Pushing the shopping cart up under the bridge Yussel looked at the girl riding in it. Ekanta looked into the kind eyes of the man who pushed the cart and smiled. She looked at her swollen belly and wondered how that had happened. She did not understand the word “pregnant” that the doctor at the clinic had used. She did not remember doing anything that would cause her to be so fat. There was a movement inside her that sometimes hurt and sometimes felt good…in a special way.

It was all a mystery to her. How she got here under this bridge, and why her father had not come to get her. All she remembered was getting off the large boat and getting lost in the crowd. That was months ago and she could not figure out why anyone would want to come to this awful country. Home was not that bad and she knew people there. Everyone spoke the same language, not like this Amer-a-ka. No one could understand her and the big man she met under the bridge was nice most of the time but he seemed a little bit, well, confused. Oh, Papa! Please come and get me!

Under the bridge was dry, and with the barrel of burning scrap wood going, it almost seemed warm.
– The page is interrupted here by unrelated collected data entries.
(* Let $G$ be a locally compact abelian group acting continuously on a compact metric space $(X,d)$. Then complete proximality $\sim_{cp}$ is an equivalence relation on $X$.
   Context: Let $\mathcal A$ be the collection of subsets $A\subset G$ which contain a translate of every compact subset of $G$. Points $x,y\in X$ are proximal in $A$ if $\inf_{t\in A}d(t\cdot x,t\cdot y)=0$, and completely proximal, $x\sim_{cp}y$, if they are proximal in every $A\in\mathcal A$. *)

theory Defs
  imports "HOL-Analysis.Analysis"
begin

definition continuous_action :: "('g::topological_ab_group_add \<Rightarrow> 'x::metric_space \<Rightarrow> 'x) \<Rightarrow> 'x set \<Rightarrow> bool" where
  "continuous_action act X \<longleftrightarrow>
     (\<forall>t x. x \<in> X \<longrightarrow> act t x \<in> X) \<and>
     (\<forall>x\<in>X. act 0 x = x) \<and>
     (\<forall>s t x. x \<in> X \<longrightarrow> act (s + t) x = act s (act t x)) \<and>
     continuous_on (UNIV \<times> X) (\<lambda>(t, x). act t x)"

definition thick_sets :: "'g::topological_ab_group_add set set" where
  "thick_sets = {A. \<forall>K. compact K \<longrightarrow> (\<exists>g. (\<lambda>k. g + k) ` K \<subseteq> A)}"

definition proximal_in :: "('g \<Rightarrow> 'x::metric_space \<Rightarrow> 'x) \<Rightarrow> 'g set \<Rightarrow> 'x \<Rightarrow> 'x \<Rightarrow> bool" where
  "proximal_in act A x y \<longleftrightarrow> (INF t\<in>A. dist (act t x) (act t y)) = 0"

definition completely_proximal :: "('g::topological_ab_group_add \<Rightarrow> 'x::metric_space \<Rightarrow> 'x) \<Rightarrow> 'x \<Rightarrow> 'x \<Rightarrow> bool" where
  "completely_proximal act x y \<longleftrightarrow> (\<forall>A\<in>thick_sets. proximal_in act A x y)"

end

theory Submission
  imports Defs
begin

text \<open>
  Transitivity rests
  on one key fact: if x and y are completely proximal and A is thick (contains a
  translate of every compact set), then so is the set of times in A at which x and y are
  e-close.  To see this, given a compact L, the acting maps indexed by L are uniformly
  equicontinuous on the compact space X, so it suffices to find s with s + L inside A
  at which x and y are very close; such s exist because the set of these s is again
  thick.  Applying proximality of y and z in that thick set and the triangle inequality
  yields proximality of x and z in A.  Commutativity of the group is what allows us to
  write the action of s + l as the action of l after that of s.
\<close>

lemma thick_sets_nonempty: "A \<in> thick_sets \<Longrightarrow> A \<noteq> {}"
  using compact_sing[of 0] unfolding thick_sets_def by blast

lemma proximal_in_iff:
  assumes "A \<noteq> {}"
  shows "proximal_in act A x y \<longleftrightarrow> (\<forall>e>0. \<exists>t\<in>A. dist (act t x) (act t y) < e)"
proof -
  let ?D = "\<lambda>t. dist (act t x) (act t y)"
  have bdd: "bdd_below (?D ` A)"
    by (rule bdd_belowI[of _ 0]) auto
  have nonneg: "0 \<le> (INF t\<in>A. ?D t)"
    using assms by (intro cINF_greatest) auto
  have "(INF t\<in>A. ?D t) = 0 \<longleftrightarrow> (\<forall>e>0. (INF t\<in>A. ?D t) < e)"
    using nonneg by (metis dual_order.irrefl le_less)
  also have "\<dots> \<longleftrightarrow> (\<forall>e>0. \<exists>t\<in>A. ?D t < e)"
    using cINF_less_iff[OF assms bdd] by simp
  finally show ?thesis
    unfolding proximal_in_def .
qed

lemma completely_proximal_iff:
  "completely_proximal act x y \<longleftrightarrow>
     (\<forall>A\<in>thick_sets. \<forall>e>0. \<exists>t\<in>A. dist (act t x) (act t y) < e)"
  unfolding completely_proximal_def by (simp add: proximal_in_iff thick_sets_nonempty)

lemma completely_proximal_refl: "completely_proximal act x x"
  by (auto simp: completely_proximal_iff dest: thick_sets_nonempty)

lemma completely_proximal_sym:
  "completely_proximal act x y \<Longrightarrow> completely_proximal act y x"
  by (simp add: completely_proximal_iff dist_commute)

text \<open>If A is thick and L compact, the set of s with s + L contained in A is thick:
  a translate of M + L inside A gives a translate of M inside that set.\<close>

lemma thick_sets_translates:
  fixes A :: "'g::topological_ab_group_add set"
  assumes A: "A \<in> thick_sets" and L: "compact L"
  shows "{s. (\<lambda>l. s + l) ` L \<subseteq> A} \<in> thick_sets"
  unfolding thick_sets_def
proof clarify
  fix M :: "'g set"
  assume "compact M"
  then have "compact ((\<lambda>p. fst p + snd p) ` (M \<times> L))"
    by (intro compact_continuous_image compact_Times L continuous_intros)
  then obtain g where g: "(\<lambda>k. g + k) ` ((\<lambda>p. fst p + snd p) ` (M \<times> L)) \<subseteq> A"
    using A unfolding thick_sets_def by blast
  have "(\<lambda>l. (g + m) + l) ` L \<subseteq> A" if "m \<in> M" for m
    using g that by (force simp: add.assoc)
  then show "\<exists>g. (\<lambda>k. g + k) ` M \<subseteq> {s. (\<lambda>l. s + l) ` L \<subseteq> A}"
    by blast
qed

lemma action_uniformly_equicontinuous:
  fixes act :: "'g::topological_ab_group_add \<Rightarrow> 'x::metric_space \<Rightarrow> 'x"
  assumes act: "continuous_action act X" and X: "compact X" and L: "compact L"
    and e: "0 < e"
  obtains d where "0 < d"
    "\<And>l u v. l \<in> L \<Longrightarrow> u \<in> X \<Longrightarrow> v \<in> X \<Longrightarrow> dist u v < d \<Longrightarrow> dist (act l u) (act l v) < e"
proof -
  have "continuous_on (UNIV \<times> X) (\<lambda>(t, x). act t x)"
    using act by (simp add: continuous_action_def)
  moreover have "continuous_on (X \<times> L) (\<lambda>p. (snd p, fst p))"
    by (intro continuous_intros)
  moreover have "(\<lambda>p. (snd p, fst p)) ` (X \<times> L) \<subseteq> UNIV \<times> X"
    by auto
  ultimately have "continuous_on (X \<times> L) ((\<lambda>(t, x). act t x) \<circ> (\<lambda>p. (snd p, fst p)))"
    by (meson continuous_on_compose continuous_on_subset)
  then have cont: "continuous_on (X \<times> L) (\<lambda>p. act (snd p) (fst p))"
    by (simp add: o_def)
  text \<open>Pointwise equicontinuity, from the tube lemma for the compact factor L.\<close>
  have pointwise: "\<exists>d>0. \<forall>f\<in>act ` L. \<forall>x'\<in>X. dist x' x < d \<longrightarrow> dist (f x') (f x) < \<epsilon>"
    if x: "x \<in> X" and \<epsilon>: "0 < \<epsilon>" for x \<epsilon>
  proof -
    have "0 < \<epsilon>/2"
      using \<epsilon> by simp
    from continuous_on_prod_compactE[OF cont L x this]
    obtain U where U: "x \<in> U" "open U"
      "\<forall>x'\<in>U \<inter> X. \<forall>t\<in>L. dist (act t x') (act t x) \<le> \<epsilon>/2"
      by (metis fst_conv snd_conv)
    obtain d where "d > 0" "ball x d \<subseteq> U"
      using U open_contains_ball by blast
    then have "dist (act t x') (act t x) < \<epsilon>"
      if "t \<in> L" "x' \<in> X" "dist x' x < d" for t x'
    proof -
      have "x' \<in> U"
        using \<open>ball x d \<subseteq> U\<close> that(3) by (auto simp: dist_commute)
      then have "dist (act t x') (act t x) \<le> \<epsilon>/2"
        using U(3) that(1,2) by blast
      then show ?thesis
        using \<epsilon> by linarith
    qed
    then show ?thesis
      using \<open>d > 0\<close> by blast
  qed
  obtain d where "0 < d"
    "\<And>f x x'. f \<in> act ` L \<Longrightarrow> x \<in> X \<Longrightarrow> x' \<in> X \<Longrightarrow> dist x' x < d \<Longrightarrow> dist (f x') (f x) < e"
    using compact_uniformly_equicontinuous[OF X pointwise e] by blast
  then show ?thesis
    using that by blast
qed

lemma completely_proximal_close_times_thick:
  fixes act :: "'g::topological_ab_group_add \<Rightarrow> 'x::metric_space \<Rightarrow> 'x"
  assumes act: "continuous_action act X" and X: "compact X"
    and xy: "completely_proximal act x y" "x \<in> X" "y \<in> X"
    and A: "A \<in> thick_sets" and e: "0 < e"
  shows "{t\<in>A. dist (act t x) (act t y) < e} \<in> thick_sets"
  unfolding thick_sets_def
proof clarify
  fix L :: "'g set"
  assume L: "compact L"
  have inX: "\<And>t u. u \<in> X \<Longrightarrow> act t u \<in> X"
    and add: "\<And>s t u. u \<in> X \<Longrightarrow> act (s + t) u = act s (act t u)"
    using act by (auto simp: continuous_action_def)
  obtain d where d: "0 < d"
    "\<And>l u v. l \<in> L \<Longrightarrow> u \<in> X \<Longrightarrow> v \<in> X \<Longrightarrow> dist u v < d \<Longrightarrow> dist (act l u) (act l v) < e"
    using action_uniformly_equicontinuous[OF act X L e] by blast
  have "\<exists>s\<in>{s. (\<lambda>l. s + l) ` L \<subseteq> A}. dist (act s x) (act s y) < d"
    using xy(1) thick_sets_translates[OF A L] d(1) unfolding completely_proximal_iff by blast
  then obtain s where s: "(\<lambda>l. s + l) ` L \<subseteq> A" "dist (act s x) (act s y) < d"
    by blast
  have "dist (act (s + l) x) (act (s + l) y) < e" if "l \<in> L" for l
    using d(2)[OF that inX inX s(2)] xy(2,3) add[of _ l s] by (simp add: add.commute)
  then have "(\<lambda>l. s + l) ` L \<subseteq> {t\<in>A. dist (act t x) (act t y) < e}"
    using s(1) by auto
  then show "\<exists>g. (\<lambda>k. g + k) ` L \<subseteq> {t\<in>A. dist (act t x) (act t y) < e}"
    by blast
qed

lemma completely_proximal_trans:
  fixes act :: "'g::topological_ab_group_add \<Rightarrow> 'x::metric_space \<Rightarrow> 'x"
  assumes act: "continuous_action act X" and X: "compact X"
    and xy: "completely_proximal act x y" and yz: "completely_proximal act y z"
    and "x \<in> X" "y \<in> X"
  shows "completely_proximal act x z"
  unfolding completely_proximal_iff
proof (intro ballI allI impI)
  fix A :: "'g set" and e :: real
  assume A: "A \<in> thick_sets" and e: "0 < e"
  let ?B = "{t\<in>A. dist (act t x) (act t y) < e/2}"
  have "?B \<in> thick_sets"
    using completely_proximal_close_times_thick[OF act X xy \<open>x \<in> X\<close> \<open>y \<in> X\<close> A, of "e/2"] e
    by simp
  then obtain t where t: "t \<in> ?B" "dist (act t y) (act t z) < e/2"
    using yz e unfolding completely_proximal_iff by (meson half_gt_zero)
  have "dist (act t x) (act t z) \<le> dist (act t x) (act t y) + dist (act t y) (act t z)"
    by (rule dist_triangle)
  with t have "dist (act t x) (act t z) < e"
    by simp
  with t(1) show "\<exists>t\<in>A. dist (act t x) (act t z) < e"
    by blast
qed

theorem mainTheorem17:
  fixes act :: "'g::{topological_ab_group_add, t2_space} \<Rightarrow> 'x::metric_space \<Rightarrow> 'x"
    and X :: "'x set"
  assumes "locally_compact_space (euclidean :: 'g topology)"
    and "compact X"
    and "continuous_action act X"
  shows "equiv X {(x, y). x \<in> X \<and> y \<in> X \<and> completely_proximal act x y}"
proof (rule equivI)
  show "refl_on X {(x, y). x \<in> X \<and> y \<in> X \<and> completely_proximal act x y}"
    by (auto simp: refl_on_def completely_proximal_refl)
  show "sym {(x, y). x \<in> X \<and> y \<in> X \<and> completely_proximal act x y}"
    by (auto simp: sym_def intro: completely_proximal_sym)
  show "trans {(x, y). x \<in> X \<and> y \<in> X \<and> completely_proximal act x y}"
    using completely_proximal_trans[OF assms(3,2)] by (auto simp: trans_def)
qed auto

end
There were a whole crowd of animals that had found their way to the campsite. Yussel had a liking for small animals. Dogs and cats mostly, but a few birds and some rabbits made up the biggest part of the crowd. A man pulled up in a van the other night and let about a dozen monkeys and hamsters loose. Every day he would share some of the food he had scrounged for them with the animals and the herd seemed to behave according to the way the big man directed. They circled the cart when it came under the bridge and playfully ran around the big man and jumped in the air to catch the treats he threw. In his scrounging that day he had found a large bag of dried dog food, and several boxes of animal treats. Everyone would get a good meal that night.
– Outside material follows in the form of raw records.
theorem theorem2p4:
  fixes F :: "('v, 'c) cgraph" and Gs :: "('v, 'c) cgraph list"
  assumes "frankenstein F Gs"
  shows "\<exists>\<sigma>. bij_betw \<sigma> {0..<length Gs} {0..<length Gs} \<and>
    (\<forall>i. 1 \<le> i \<and> i < length Gs \<longrightarrow>
       card (verts (\<Union>j<i. Gs ! \<sigma> j) \<inter> verts (Gs ! \<sigma> i)) \<le> 1)"
proof -
  obtain js B where js: "length js = length Gs" "greedy_state F Gs js B"
    using greedy_state_exists[OF assms order_refl] by blast
  then have "bij_betw ((!) js) {0..<length Gs} {0..<length Gs}"
    by (intro bij_betw_nth_permutation) (auto simp: greedy_state_def)
  moreover have "good_order Gs js" using js(2) by (simp add: greedy_state_def)
  ultimately show ?thesis using js(1) unfolding good_order_def by (intro exI[of _ "(!) js"]) simp
qed

end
They had been staying at the mission about a mile away since the weather had gotten cold, but the last four nights they did not make it there in time to get beds. The colder the weather the more people showed up to get out of it. All they could get the last four days was a couple of blankets and some soup in a cup. Fortunately, there were different people handing out blankets so they had gathered enough to beat back some of the cold.
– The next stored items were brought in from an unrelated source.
lemma triangular_cubes_disjoint:
  fixes x :: "real^'n::finite" and r :: "'n \<Rightarrow> nat"
  assumes triangular: "\<And>m m' i. (\<And>j. r j < r i \<Longrightarrow> m j = m' j) \<Longrightarrow> s m i = s m' i"
    and x: "x \<in> unit_cube_at (\<chi> i. of_int (m i) + s m i)" "x \<in> unit_cube_at (\<chi> i. of_int (m' i) + s m' i)"
  shows "m = m'"
proof -
  have "\<forall>i. r i < k \<longrightarrow> m i = m' i" for k
  proof (induction k)
    case 0
    show ?case by simp
  next
    case (Suc k)
    show ?case
    proof (intro allI impI)
      fix i
      assume "r i < Suc k"
      then have "s m i = s m' i"
        using Suc.IH by (intro triangular) auto
      moreover have "of_int (m i) + s m i \<le> x$i" "x$i < of_int (m i) + s m i + 1"
        "of_int (m' i) + s m' i \<le> x$i" "x$i < of_int (m' i) + s m' i + 1"
        using x unfolding unit_cube_at_def by simp_all
      ultimately have "\<bar>real_of_int (m i) - real_of_int (m' i)\<bar> < 1"
        by linarith
      then show "m i = m' i"
        by (simp flip: of_int_diff)
    qed
  qed
  then show ?thesis
    by (meson ext lessI)
qed

lemma triangular_cubes_partition:
  fixes r :: "'n::finite \<Rightarrow> nat"
  assumes "\<And>m m' i. (\<And>j. r j < r i \<Longrightarrow> m j = m' j) \<Longrightarrow> s m i = s m' i"
  shows "unit_hypercube_partition (range (\<lambda>m. unit_cube_at (\<chi> i. of_int (m i) + s m i)))"
  unfolding unit_hypercube_partition_def is_partition_def
proof (intro conjI ballI impI)
  fix X
  assume "X \<in> range (\<lambda>m. unit_cube_at (\<chi> i. of_int (m i) + s m i))"
  then obtain m where X: "X = unit_cube_at (\<chi> i. of_int (m i) + s m i)"
    by blast
  show "X \<noteq> {}"
    using X unit_cube_at_corner by blast
  show "unit_hypercube X"
    unfolding X unit_cube_at_def unit_hypercube_def by (rule exI) (rule refl)
next
  fix X Y
  assume "X \<in> range (\<lambda>m. unit_cube_at (\<chi> i. of_int (m i) + s m i))"
    "Y \<in> range (\<lambda>m. unit_cube_at (\<chi> i. of_int (m i) + s m i))" "X \<noteq> Y"
  then obtain m m' where X: "X = unit_cube_at (\<chi> i. of_int (m i) + s m i)"
    and Y: "Y = unit_cube_at (\<chi> i. of_int (m' i) + s m' i)" and "m \<noteq> m'"
    by blast
  show "X \<inter> Y = {}"
  proof (rule ccontr)
    assume "X \<inter> Y \<noteq> {}"
    then obtain x where "x \<in> X" "x \<in> Y"
      by blast
    with assms have "m = m'"
      unfolding X Y by (rule triangular_cubes_disjoint)
    with \<open>m \<noteq> m'\<close> show False ..
  qed
next
  have "\<exists>m. x \<in> unit_cube_at (\<chi> i. of_int (m i) + s m i)" for x
    using assms by (rule triangular_cubes_cover)
  then show "\<Union> (range (\<lambda>m. unit_cube_at (\<chi> i. of_int (m i) + s m i))) = UNIV"
    by blast
qed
There had been some sheet metal like they used to make portable buildings in the trash at the lumberyard down the road and Yussel had brought some back and built a three sided building to help the girl get out of the weather. He propped it up with some pieces of pipe and strapped it together with plastic ties and twine he’d scavenged from a construction site. He could have been working there but did not like the way the other workers made fun of him. After the state school he worked for a man that built houses and learned how to work with his hands. There was always, sadly, someone that would call him stupid or retarded and it made him mad. He was not stupid, or retarded. It just took him a little while to understand some things. He was plenty smart. He took care of this little girl after he found her being messed with by those pimps on the stroll. She did not even know what they wanted from her. Yussel knew what they were trying to do, and made them leave her alone. When he got mad, most people ran away from him. Ekanta never felt scared around him. He was the only person who made her feel safe. Him and Papa, but Papa was nowhere to be found.

Ekanta moaned softly and the big man reached into the cart and picked her up. He laid her in the shelter, and he realized that she had wet herself. He got some paper towels out of the cart that were not too dirty and gave it to her to clean herself. She sat up and, suddenly. screamed and held her belly. Breathing hard she implored Yussel to get her some help, but he could not understand her words.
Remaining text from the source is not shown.